Use the entries below and reproduce exactly the lines from the one containing "(y \<circ> s')" down to the one containing "fix b assume", both of them included.
Provided material Block Start
(* Let $S\le T_n$ be a transformation monoid and $G$ the normalizer of $S$ in $S_n$. Then $SG$ is regular if and only if $S$ is regular.
   Context: A transformation monoid is a subsemigroup of $T_n$ containing the identity map; $G=\{g\in S_n:g^{-1}Sg=S\}$ and $SG=\{sg:s\in S,g\in G\}$, a semigroup. A semigroup $U$ is regular if for every $a\in U$ there exists $a'\in U$ with $a=aa'a$. *)

theory Defs
  imports Main
begin

text \<open>Transformations of the n-element set {0..<n}, represented as functions on nat
  that fix every point outside {0..<n}. Maps act on the right: x(fg) = (xf)g.\<close>

definition Tn :: "nat \<Rightarrow> (nat \<Rightarrow> nat) set" where
  "Tn n = {f. f ` {..<n} \<subseteq> {..<n} \<and> (\<forall>i\<ge>n. f i = i)}"

definition Sn :: "nat \<Rightarrow> (nat \<Rightarrow> nat) set" where
  "Sn n = {f \<in> Tn n. bij_betw f {..<n} {..<n}}"

definition tmul :: "(nat \<Rightarrow> nat) \<Rightarrow> (nat \<Rightarrow> nat) \<Rightarrow> (nat \<Rightarrow> nat)" where
  "tmul f g = g \<circ> f"

definition transformation_monoid :: "nat \<Rightarrow> (nat \<Rightarrow> nat) set \<Rightarrow> bool" where
  "transformation_monoid n S \<longleftrightarrow> S \<subseteq> Tn n \<and> id \<in> S \<and>
     (\<forall>f\<in>S. \<forall>g\<in>S. tmul f g \<in> S)"

definition normalizer :: "nat \<Rightarrow> (nat \<Rightarrow> nat) set \<Rightarrow> (nat \<Rightarrow> nat) set" where
  "normalizer n S = {g \<in> Sn n. \<exists>h\<in>Sn n. tmul g h = id \<and> tmul h g = id \<and>
       (\<lambda>s. tmul (tmul h s) g) ` S = S}"

definition setmul :: "(nat \<Rightarrow> nat) set \<Rightarrow> (nat \<Rightarrow> nat) set \<Rightarrow> (nat \<Rightarrow> nat) set" where
  "setmul S G = {tmul s g | s g. s \<in> S \<and> g \<in> G}"

definition regular :: "(nat \<Rightarrow> nat) set \<Rightarrow> bool" where
  "regular U \<longleftrightarrow> (\<forall>a\<in>U. \<exists>a'\<in>U. tmul (tmul a a') a = a)"

end

theory Submission
  imports Defs "HOL-Combinatorics.Cycles"
begin

text \<open>If S is regular, an inverse of s g in SG is g^-1 s', where s' is an inverse of s.
  Conversely, if a (t g) a = a with t \<in> S and g in the normalizer, then g can be pushed
  past elements of S (g s = s' g with s' \<in> S), so iterating the equation gives a = a y g^k t a
  with y \<in> S for every k \<ge> 1; since g is a permutation of a finite set, g^k = 1 for some
  k \<ge> 1, which leaves a = a (y t) a. Products here are written as right actions, as in the
  definitions; in the lemmas below the product s g appears as the composition g \<circ> s.\<close>

lemma regular_comp_iff: "regular U \<longleftrightarrow> (\<forall>a\<in>U. \<exists>a'\<in>U. a \<circ> a' \<circ> a = a)"
  unfolding regular_def tmul_def by (simp add: o_assoc)

lemma setmul_comp: "setmul S G = {g \<circ> s | s g. s \<in> S \<and> g \<in> G}"
  unfolding setmul_def tmul_def ..

lemma transformation_monoid_comp_closed:
  "transformation_monoid n S \<Longrightarrow> s \<in> S \<Longrightarrow> t \<in> S \<Longrightarrow> s \<circ> t \<in> S"
  unfolding transformation_monoid_def tmul_def by blast

lemma id_in_normalizer: "id \<in> normalizer n S"
  unfolding normalizer_def Sn_def Tn_def tmul_def by (auto simp: bij_betw_def)

lemma subset_setmul_normalizer: "S \<subseteq> setmul S (normalizer n S)"
proof
  fix s assume "s \<in> S"
  moreover have "s = id \<circ> s" by simp
  ultimately show "s \<in> setmul S (normalizer n S)"
    unfolding setmul_comp using id_in_normalizer by blast
qed

lemma normalizer_inverse:
  assumes "g \<in> normalizer n S"
  obtains h where "h \<in> normalizer n S" "g \<circ> h = id" "h \<circ> g = id" "(\<lambda>s. g \<circ> s \<circ> h) ` S = S"
proof -
  from assms obtain h where g: "g \<in> Sn n" and h: "h \<in> Sn n"
    and gh: "g \<circ> h = id" and hg: "h \<circ> g = id" and conj: "(\<lambda>s. g \<circ> s \<circ> h) ` S = S"
    unfolding normalizer_def tmul_def by (auto simp: o_assoc)
  have hgx: "\<And>x. h (g x) = x"
    using comp_eq_dest_lhs[OF hg] by simp
  have "(\<lambda>s. h \<circ> s \<circ> g) ` S = (\<lambda>s. h \<circ> s \<circ> g) ` (\<lambda>s. g \<circ> s \<circ> h) ` S"
    using conj by simp
  also have "\<dots> = S"
    by (simp add: image_image comp_def hgx)
  finally have "h \<in> normalizer n S"
    unfolding normalizer_def tmul_def using g h gh hg
    by (intro CollectI conjI bexI[of _ g]) (simp_all add: o_assoc)
  then show thesis using gh hg conj by (rule that)
qed

lemma normalizer_commute:
  assumes "g \<in> normalizer n S" "s \<in> S"
  shows "\<exists>s'\<in>S. g \<circ> s = s' \<circ> g"
proof -
  obtain h where "h \<in> normalizer n S" "g \<circ> h = id"
    and hg: "h \<circ> g = id" and conj: "(\<lambda>s. g \<circ> s \<circ> h) ` S = S"
    using assms(1) by (rule normalizer_inverse)
  have "g \<circ> s \<circ> h \<in> S"
    using assms(2) conj by blast
  moreover have "g \<circ> s = (g \<circ> s \<circ> h) \<circ> g"
    using hg by (simp add: comp_assoc)
  ultimately show ?thesis by blast
qed

lemma normalizer_funpow_id:
  assumes "g \<in> normalizer n S"
  obtains m where "0 < m" "g ^^ m = id"
proof -
  from assms have "g permutes {..<n}"
    by (intro bij_imp_permutes) (auto simp: normalizer_def Sn_def Tn_def)
  then have "permutation g"
    using permutation_permutes by blast
  then show thesis
    using permutation_is_nilpotent that by blast
qed

lemma funpow_comp_commute:
  assumes "\<forall>s\<in>S. \<exists>s'\<in>S. g \<circ> s = s' \<circ> g" "s \<in> S"
  shows "\<exists>s'\<in>S. g ^^ k \<circ> s = s' \<circ> g ^^ k"
proof (induction k)
  case 0
  show ?case using assms(2) by auto
next
  case (Suc k)
  then obtain s' where "s' \<in> S" "g ^^ k \<circ> s = s' \<circ> g ^^ k" by blast
  moreover obtain s'' where "s'' \<in> S" "g \<circ> s' = s'' \<circ> g"
    using assms(1) \<open>s' \<in> S\<close> by blast
  ultimately have "g ^^ Suc k \<circ> s = s'' \<circ> g ^^ Suc k"
    by (simp add: fun_eq_iff comp_eq_dest[of g s' s'' g] comp_eq_dest[of "g ^^ k" s s' "g ^^ k"])
  with \<open>s'' \<in> S\<close> show ?case by blast
qed

lemma regular_element_if_twisted_inverse:
  fixes S :: "('a \<Rightarrow> 'a) set"
  assumes closed: "\<And>s t. s \<in> S \<Longrightarrow> t \<in> S \<Longrightarrow> s \<circ> t \<in> S" and "id \<in> S"
    and commute: "\<forall>s\<in>S. \<exists>s'\<in>S. g \<circ> s = s' \<circ> g"
    and order: "0 < m" "g ^^ m = id"
    and "a \<in> S" "t \<in> S" and twisted: "a \<circ> g \<circ> t \<circ> a = a"
  shows "\<exists>y\<in>S. a \<circ> y \<circ> a = a"
proof -
  have iterate: "\<exists>y\<in>S. a \<circ> y \<circ> g ^^ Suc k \<circ> t \<circ> a = a" for k
  proof (induction k)
    case 0
    have "a \<circ> id \<circ> g ^^ Suc 0 \<circ> t \<circ> a = a" using twisted by simp
    with \<open>id \<in> S\<close> show ?case by blast
  next
    case (Suc k)
    then obtain y where "y \<in> S" and y: "a \<circ> y \<circ> g ^^ Suc k \<circ> t \<circ> a = a" by blast
    obtain s' where "s' \<in> S" and s': "g ^^ Suc k \<circ> (t \<circ> a) = s' \<circ> g ^^ Suc k"
      using funpow_comp_commute[OF commute closed] \<open>t \<in> S\<close> \<open>a \<in> S\<close> by blast
    have "a = a \<circ> y \<circ> (g ^^ Suc k \<circ> (t \<circ> a)) \<circ> g \<circ> t \<circ> a"
      using y twisted by (metis o_assoc)
    also have "\<dots> = a \<circ> y \<circ> (s' \<circ> g ^^ Suc k) \<circ> g \<circ> t \<circ> a"
      by (simp only: s')
    also have "\<dots> = a \<circ> (y \<circ> s') \<circ> g ^^ Suc (Suc k) \<circ> t \<circ> a"
      by (simp only: funpow_Suc_right[of "Suc k" g] o_assoc)
    finally show ?case using closed[OF \<open>y \<in> S\<close> \<open>s' \<in> S\<close>] by metis
  qed
  from order obtain k where gk: "g ^^ Suc k = id"
    using gr0_implies_Suc by blast
  obtain y where "y \<in> S" "a \<circ> y \<circ> g ^^ Suc k \<circ> t \<circ> a = a"
    using iterate by blast
  then have "a \<circ> (y \<circ> t) \<circ> a = a"
    unfolding gk by (simp add: o_assoc)
  then show ?thesis using closed \<open>y \<in> S\<close> \<open>t \<in> S\<close> by blast
qed

lemma regular_setmul_normalizer:
  assumes "regular S"
  shows "regular (setmul S (normalizer n S))"
  unfolding regular_comp_iff
proof
  fix b assume "b \<in> setmul S (normalizer n S)"
  then obtain s g where "s \<in> S" "g \<in> normalizer n S" and b: "b = g \<circ> s"
    unfolding setmul_comp by blast
  obtain h where "h \<in> normalizer n S" "g \<circ> h = id"
    and hg: "h \<circ> g = id" and conj: "(\<lambda>s. g \<circ> s \<circ> h) ` S = S"
    using \<open>g \<in> normalizer n S\<close> by (rule normalizer_inverse)
  have hgx: "\<And>x. h (g x) = x"
    using comp_eq_dest_lhs[OF hg] by simp
  obtain s' where "s' \<in> S" and s': "s \<circ> s' \<circ> s = s"
    using assms \<open>s \<in> S\<close> unfolding regular_comp_iff by blast
  have "s' \<circ> h = h \<circ> (g \<circ> s' \<circ> h)" "g \<circ> s' \<circ> h \<in> S"
    using hgx conj \<open>s' \<in> S\<close> by (auto simp: fun_eq_iff)
  then have "s' \<circ> h \<in> setmul S (normalizer n S)"
    unfolding setmul_comp using \<open>h \<in> normalizer n S\<close> by blast
  moreover have "b \<circ> (s' \<circ> h) \<circ> b = g \<circ> (s \<circ> s' \<circ> s)"
    using b hgx by (simp add: fun_eq_iff)
  ultimately show "\<exists>b'\<in>setmul S (normalizer n S). b \<circ> b' \<circ> b = b"
    using b s' by auto
qed

lemma regular_if_regular_setmul_normalizer:
  assumes "transformation_monoid n S" "regular (setmul S (normalizer n S))"
  shows "regular S"
  unfolding regular_comp_iff
proof
  fix a assume "a \<in> S"
  then obtain a' where "a' \<in> setmul S (normalizer n S)" "a \<circ> a' \<circ> a = a"
    using assms(2) subset_setmul_normalizer unfolding regular_comp_iff by blast
  then obtain t g where t: "t \<in> S" and g: "g \<in> normalizer n S"
    and twisted: "a \<circ> g \<circ> t \<circ> a = a"
    unfolding setmul_comp by (auto simp: o_assoc)
  obtain m where order: "0 < m" "g ^^ m = id"
    using g by (rule normalizer_funpow_id)
  have "id \<in> S"
    using assms(1) unfolding transformation_monoid_def by blast
  have commute: "\<forall>s\<in>S. \<exists>s'\<in>S. g \<circ> s = s' \<circ> g"
    using normalizer_commute[OF g] by blast
  show "\<exists>a'\<in>S. a \<circ> a' \<circ> a = a"
    by (rule regular_element_if_twisted_inverse[OF transformation_monoid_comp_closed[OF assms(1)]
          \<open>id \<in> S\<close> commute order \<open>a \<in> S\<close> t twisted])
qed

theorem corollary4p5:
  fixes n :: nat and S :: "(nat \<Rightarrow> nat) set"
  assumes "transformation_monoid n S"
  shows "regular (setmul S (normalizer n S)) \<longleftrightarrow> regular S"
  using regular_if_regular_setmul_normalizer[OF assms] regular_setmul_normalizer by blast

end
Provided material Block End
[Answer section]:
    also have "\<dots> = a \<circ> (y \<circ> s') \<circ> g ^^ Suc (Suc k) \<circ> t \<circ> a"
      by (simp only: funpow_Suc_right[of "Suc k" g] o_assoc)
    finally show ?case using closed[OF \<open>y \<in> S\<close> \<open>s' \<in> S\<close>] by metis
  qed
  from order obtain k where gk: "g ^^ Suc k = id"
    using gr0_implies_Suc by blast
  obtain y where "y \<in> S" "a \<circ> y \<circ> g ^^ Suc k \<circ> t \<circ> a = a"
    using iterate by blast
  then have "a \<circ> (y \<circ> t) \<circ> a = a"
    unfolding gk by (simp add: o_assoc)
  then show ?thesis using closed \<open>y \<in> S\<close> \<open>t \<in> S\<close> by blast
qed

lemma regular_setmul_normalizer:
  assumes "regular S"
  shows "regular (setmul S (normalizer n S))"
  unfolding regular_comp_iff
proof
  fix b assume "b \<in> setmul S (normalizer n S)"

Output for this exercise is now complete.